WHAT YOU ARE ASKED TO DO:
Within the data that follows, set down exactly the lines from the one containing "by (induction bs) (simp_all" through the one containing "T \<longleftrightarrow> (\<forall>N\<in>set", both ends included.

[Collected data]

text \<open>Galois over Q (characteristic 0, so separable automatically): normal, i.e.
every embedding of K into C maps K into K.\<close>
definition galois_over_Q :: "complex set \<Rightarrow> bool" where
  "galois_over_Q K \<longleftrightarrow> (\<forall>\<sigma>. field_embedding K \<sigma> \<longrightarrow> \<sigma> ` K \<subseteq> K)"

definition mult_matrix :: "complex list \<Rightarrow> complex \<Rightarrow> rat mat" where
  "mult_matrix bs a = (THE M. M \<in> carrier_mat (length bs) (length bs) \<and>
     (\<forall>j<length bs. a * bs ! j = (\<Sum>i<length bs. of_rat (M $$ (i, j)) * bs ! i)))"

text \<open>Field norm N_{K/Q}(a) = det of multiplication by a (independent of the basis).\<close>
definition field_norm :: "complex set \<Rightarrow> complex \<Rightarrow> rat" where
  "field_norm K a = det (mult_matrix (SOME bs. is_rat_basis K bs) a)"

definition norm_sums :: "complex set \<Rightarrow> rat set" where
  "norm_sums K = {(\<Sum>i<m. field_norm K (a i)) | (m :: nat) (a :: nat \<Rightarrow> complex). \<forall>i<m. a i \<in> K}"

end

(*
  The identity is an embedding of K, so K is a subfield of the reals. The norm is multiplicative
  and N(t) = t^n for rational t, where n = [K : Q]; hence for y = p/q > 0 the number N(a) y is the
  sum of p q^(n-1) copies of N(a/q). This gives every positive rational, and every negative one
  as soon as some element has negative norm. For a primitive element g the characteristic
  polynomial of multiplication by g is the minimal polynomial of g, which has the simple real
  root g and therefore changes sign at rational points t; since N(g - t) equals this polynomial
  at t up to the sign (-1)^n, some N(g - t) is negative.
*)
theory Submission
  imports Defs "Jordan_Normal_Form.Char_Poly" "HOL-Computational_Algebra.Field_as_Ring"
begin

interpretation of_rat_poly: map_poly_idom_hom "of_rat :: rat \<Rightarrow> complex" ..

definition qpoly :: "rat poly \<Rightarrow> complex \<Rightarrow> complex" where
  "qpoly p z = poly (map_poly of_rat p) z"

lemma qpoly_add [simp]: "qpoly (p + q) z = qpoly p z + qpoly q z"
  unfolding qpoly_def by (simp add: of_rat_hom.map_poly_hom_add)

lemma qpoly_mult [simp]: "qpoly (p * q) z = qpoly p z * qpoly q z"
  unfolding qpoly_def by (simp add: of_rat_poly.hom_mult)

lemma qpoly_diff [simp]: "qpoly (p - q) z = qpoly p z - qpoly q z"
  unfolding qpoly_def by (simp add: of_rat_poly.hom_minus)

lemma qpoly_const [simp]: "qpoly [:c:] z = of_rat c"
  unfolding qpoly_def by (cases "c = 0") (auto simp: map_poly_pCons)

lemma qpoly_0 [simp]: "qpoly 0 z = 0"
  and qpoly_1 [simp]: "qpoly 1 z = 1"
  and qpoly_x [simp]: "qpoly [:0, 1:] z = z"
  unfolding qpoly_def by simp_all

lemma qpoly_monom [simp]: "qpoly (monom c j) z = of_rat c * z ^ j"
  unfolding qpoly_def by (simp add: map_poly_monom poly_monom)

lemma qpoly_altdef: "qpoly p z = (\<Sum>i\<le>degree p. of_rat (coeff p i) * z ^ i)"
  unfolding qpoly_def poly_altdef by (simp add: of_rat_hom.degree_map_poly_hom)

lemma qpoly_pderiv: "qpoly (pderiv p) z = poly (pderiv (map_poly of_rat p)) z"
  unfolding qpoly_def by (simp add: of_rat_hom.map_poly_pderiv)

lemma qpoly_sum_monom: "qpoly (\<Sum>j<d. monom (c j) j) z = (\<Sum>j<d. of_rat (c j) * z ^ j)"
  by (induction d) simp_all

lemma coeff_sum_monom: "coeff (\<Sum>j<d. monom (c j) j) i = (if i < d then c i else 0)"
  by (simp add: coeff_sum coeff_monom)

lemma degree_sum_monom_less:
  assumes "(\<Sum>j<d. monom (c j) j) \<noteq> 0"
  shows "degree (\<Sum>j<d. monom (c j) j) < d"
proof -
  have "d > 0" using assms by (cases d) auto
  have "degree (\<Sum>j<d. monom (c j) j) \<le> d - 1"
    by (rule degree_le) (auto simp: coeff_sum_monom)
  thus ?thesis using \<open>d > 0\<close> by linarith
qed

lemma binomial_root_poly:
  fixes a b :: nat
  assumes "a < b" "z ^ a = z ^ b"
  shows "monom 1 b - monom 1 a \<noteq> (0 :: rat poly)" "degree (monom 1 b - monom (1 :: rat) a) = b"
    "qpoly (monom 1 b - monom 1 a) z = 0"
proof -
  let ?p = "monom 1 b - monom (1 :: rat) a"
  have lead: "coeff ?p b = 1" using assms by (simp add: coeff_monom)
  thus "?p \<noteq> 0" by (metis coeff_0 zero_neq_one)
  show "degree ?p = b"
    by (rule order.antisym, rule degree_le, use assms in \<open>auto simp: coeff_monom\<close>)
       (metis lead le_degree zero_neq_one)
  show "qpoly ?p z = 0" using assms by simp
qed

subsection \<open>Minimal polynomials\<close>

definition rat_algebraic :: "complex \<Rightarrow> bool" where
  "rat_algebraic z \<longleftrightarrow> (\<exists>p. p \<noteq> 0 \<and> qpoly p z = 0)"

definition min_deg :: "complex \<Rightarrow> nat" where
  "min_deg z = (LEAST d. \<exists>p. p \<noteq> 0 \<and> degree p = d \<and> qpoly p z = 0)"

==

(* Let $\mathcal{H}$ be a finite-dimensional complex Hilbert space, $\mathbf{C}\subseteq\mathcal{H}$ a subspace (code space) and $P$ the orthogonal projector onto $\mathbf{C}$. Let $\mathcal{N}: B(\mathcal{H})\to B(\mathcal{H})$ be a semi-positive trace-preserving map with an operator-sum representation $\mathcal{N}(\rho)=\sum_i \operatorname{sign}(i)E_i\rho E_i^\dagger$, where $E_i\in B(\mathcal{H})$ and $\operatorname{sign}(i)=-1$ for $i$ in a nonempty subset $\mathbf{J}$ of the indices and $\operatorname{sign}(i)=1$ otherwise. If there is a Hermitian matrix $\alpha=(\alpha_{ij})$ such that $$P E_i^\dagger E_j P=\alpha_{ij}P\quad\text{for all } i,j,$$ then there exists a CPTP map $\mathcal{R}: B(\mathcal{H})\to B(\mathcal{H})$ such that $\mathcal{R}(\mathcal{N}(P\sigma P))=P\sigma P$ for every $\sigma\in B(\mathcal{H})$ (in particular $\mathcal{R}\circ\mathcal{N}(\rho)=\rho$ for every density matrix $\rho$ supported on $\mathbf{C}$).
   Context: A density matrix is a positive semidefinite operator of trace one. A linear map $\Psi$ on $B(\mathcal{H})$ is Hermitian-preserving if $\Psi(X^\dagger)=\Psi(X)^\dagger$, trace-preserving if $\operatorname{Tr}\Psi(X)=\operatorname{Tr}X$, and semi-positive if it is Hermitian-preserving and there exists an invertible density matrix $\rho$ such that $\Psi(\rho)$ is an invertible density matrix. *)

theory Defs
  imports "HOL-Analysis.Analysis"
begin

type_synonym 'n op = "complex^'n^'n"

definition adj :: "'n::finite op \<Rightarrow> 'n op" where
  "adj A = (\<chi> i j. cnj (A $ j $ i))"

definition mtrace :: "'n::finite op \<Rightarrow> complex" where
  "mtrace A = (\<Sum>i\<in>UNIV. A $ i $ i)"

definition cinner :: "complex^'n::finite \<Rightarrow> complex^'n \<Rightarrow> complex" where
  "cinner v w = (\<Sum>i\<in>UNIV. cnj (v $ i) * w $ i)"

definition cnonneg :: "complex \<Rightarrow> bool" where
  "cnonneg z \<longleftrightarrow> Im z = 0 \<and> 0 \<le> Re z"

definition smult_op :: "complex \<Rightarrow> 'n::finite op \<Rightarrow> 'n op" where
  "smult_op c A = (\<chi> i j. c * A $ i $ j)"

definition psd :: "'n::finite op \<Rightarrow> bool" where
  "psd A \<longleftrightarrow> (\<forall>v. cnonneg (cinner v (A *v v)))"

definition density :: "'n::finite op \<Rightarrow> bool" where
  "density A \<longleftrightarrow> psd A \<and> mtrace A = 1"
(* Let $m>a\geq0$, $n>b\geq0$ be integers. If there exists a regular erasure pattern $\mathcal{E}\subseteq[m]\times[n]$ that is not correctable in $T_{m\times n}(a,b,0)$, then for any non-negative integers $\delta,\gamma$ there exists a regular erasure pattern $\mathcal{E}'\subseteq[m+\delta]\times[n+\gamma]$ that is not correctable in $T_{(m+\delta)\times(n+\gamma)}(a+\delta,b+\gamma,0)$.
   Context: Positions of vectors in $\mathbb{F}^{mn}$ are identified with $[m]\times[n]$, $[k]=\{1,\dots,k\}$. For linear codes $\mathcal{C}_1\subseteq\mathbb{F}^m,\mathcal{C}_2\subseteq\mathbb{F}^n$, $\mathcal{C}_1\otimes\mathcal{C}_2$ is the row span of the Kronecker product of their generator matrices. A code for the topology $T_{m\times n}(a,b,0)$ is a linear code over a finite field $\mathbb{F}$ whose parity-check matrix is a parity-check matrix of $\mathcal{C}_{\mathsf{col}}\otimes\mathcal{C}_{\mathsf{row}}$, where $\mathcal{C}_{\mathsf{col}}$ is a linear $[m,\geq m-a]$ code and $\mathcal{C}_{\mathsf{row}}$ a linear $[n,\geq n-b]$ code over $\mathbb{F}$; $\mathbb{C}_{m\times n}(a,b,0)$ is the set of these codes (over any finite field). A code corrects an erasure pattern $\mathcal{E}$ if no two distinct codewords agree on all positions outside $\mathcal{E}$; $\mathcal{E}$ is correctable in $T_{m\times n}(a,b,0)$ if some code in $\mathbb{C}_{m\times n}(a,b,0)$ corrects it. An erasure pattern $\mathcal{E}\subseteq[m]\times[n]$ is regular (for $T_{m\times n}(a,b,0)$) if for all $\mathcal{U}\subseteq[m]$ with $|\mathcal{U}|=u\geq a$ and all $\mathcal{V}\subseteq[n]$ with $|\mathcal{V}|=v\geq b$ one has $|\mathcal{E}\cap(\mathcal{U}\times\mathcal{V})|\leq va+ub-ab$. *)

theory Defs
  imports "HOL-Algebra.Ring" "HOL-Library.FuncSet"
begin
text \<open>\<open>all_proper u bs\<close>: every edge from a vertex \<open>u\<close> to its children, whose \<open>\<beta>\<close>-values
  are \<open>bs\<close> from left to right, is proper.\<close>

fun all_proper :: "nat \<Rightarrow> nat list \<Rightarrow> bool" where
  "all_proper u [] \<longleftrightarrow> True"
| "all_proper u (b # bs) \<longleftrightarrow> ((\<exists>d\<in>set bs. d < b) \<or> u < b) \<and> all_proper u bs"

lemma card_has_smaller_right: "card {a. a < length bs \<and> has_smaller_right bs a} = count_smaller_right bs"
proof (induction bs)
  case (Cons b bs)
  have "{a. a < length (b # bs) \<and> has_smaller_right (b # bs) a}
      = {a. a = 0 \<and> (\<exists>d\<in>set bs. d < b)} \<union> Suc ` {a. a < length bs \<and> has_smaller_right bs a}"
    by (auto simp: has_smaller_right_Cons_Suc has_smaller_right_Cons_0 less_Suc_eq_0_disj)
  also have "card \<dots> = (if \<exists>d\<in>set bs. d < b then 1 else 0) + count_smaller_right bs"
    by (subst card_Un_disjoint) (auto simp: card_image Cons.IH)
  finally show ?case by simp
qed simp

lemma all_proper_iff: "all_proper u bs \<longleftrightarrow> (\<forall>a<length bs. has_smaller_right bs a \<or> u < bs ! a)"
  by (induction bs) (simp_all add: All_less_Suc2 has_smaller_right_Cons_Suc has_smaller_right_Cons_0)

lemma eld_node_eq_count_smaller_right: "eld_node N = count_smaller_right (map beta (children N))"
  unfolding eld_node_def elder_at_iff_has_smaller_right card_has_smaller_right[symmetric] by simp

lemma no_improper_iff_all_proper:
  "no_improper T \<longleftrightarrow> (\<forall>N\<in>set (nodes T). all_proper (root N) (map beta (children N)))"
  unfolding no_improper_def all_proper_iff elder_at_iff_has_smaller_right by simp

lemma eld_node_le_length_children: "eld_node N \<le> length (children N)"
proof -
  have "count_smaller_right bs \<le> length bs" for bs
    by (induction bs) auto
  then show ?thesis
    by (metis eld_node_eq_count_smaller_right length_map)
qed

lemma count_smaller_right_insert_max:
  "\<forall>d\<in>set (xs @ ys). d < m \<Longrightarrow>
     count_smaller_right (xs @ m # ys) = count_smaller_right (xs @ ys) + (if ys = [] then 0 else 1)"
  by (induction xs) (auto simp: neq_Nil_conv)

SOLUTION TO THIS TASK:
  by (induction bs) (simp_all add: All_less_Suc2 has_smaller_right_Cons_Suc has_smaller_right_Cons_0)

lemma eld_node_eq_count_smaller_right: "eld_node N = count_smaller_right (map beta (children N))"
  unfolding eld_node_def elder_at_iff_has_smaller_right card_has_smaller_right[symmetric] by simp

lemma no_improper_iff_all_proper:
  "no_improper T \<longleftrightarrow> (\<forall>N\<in>set (nodes T). all_proper (root N) (map beta (children N)))"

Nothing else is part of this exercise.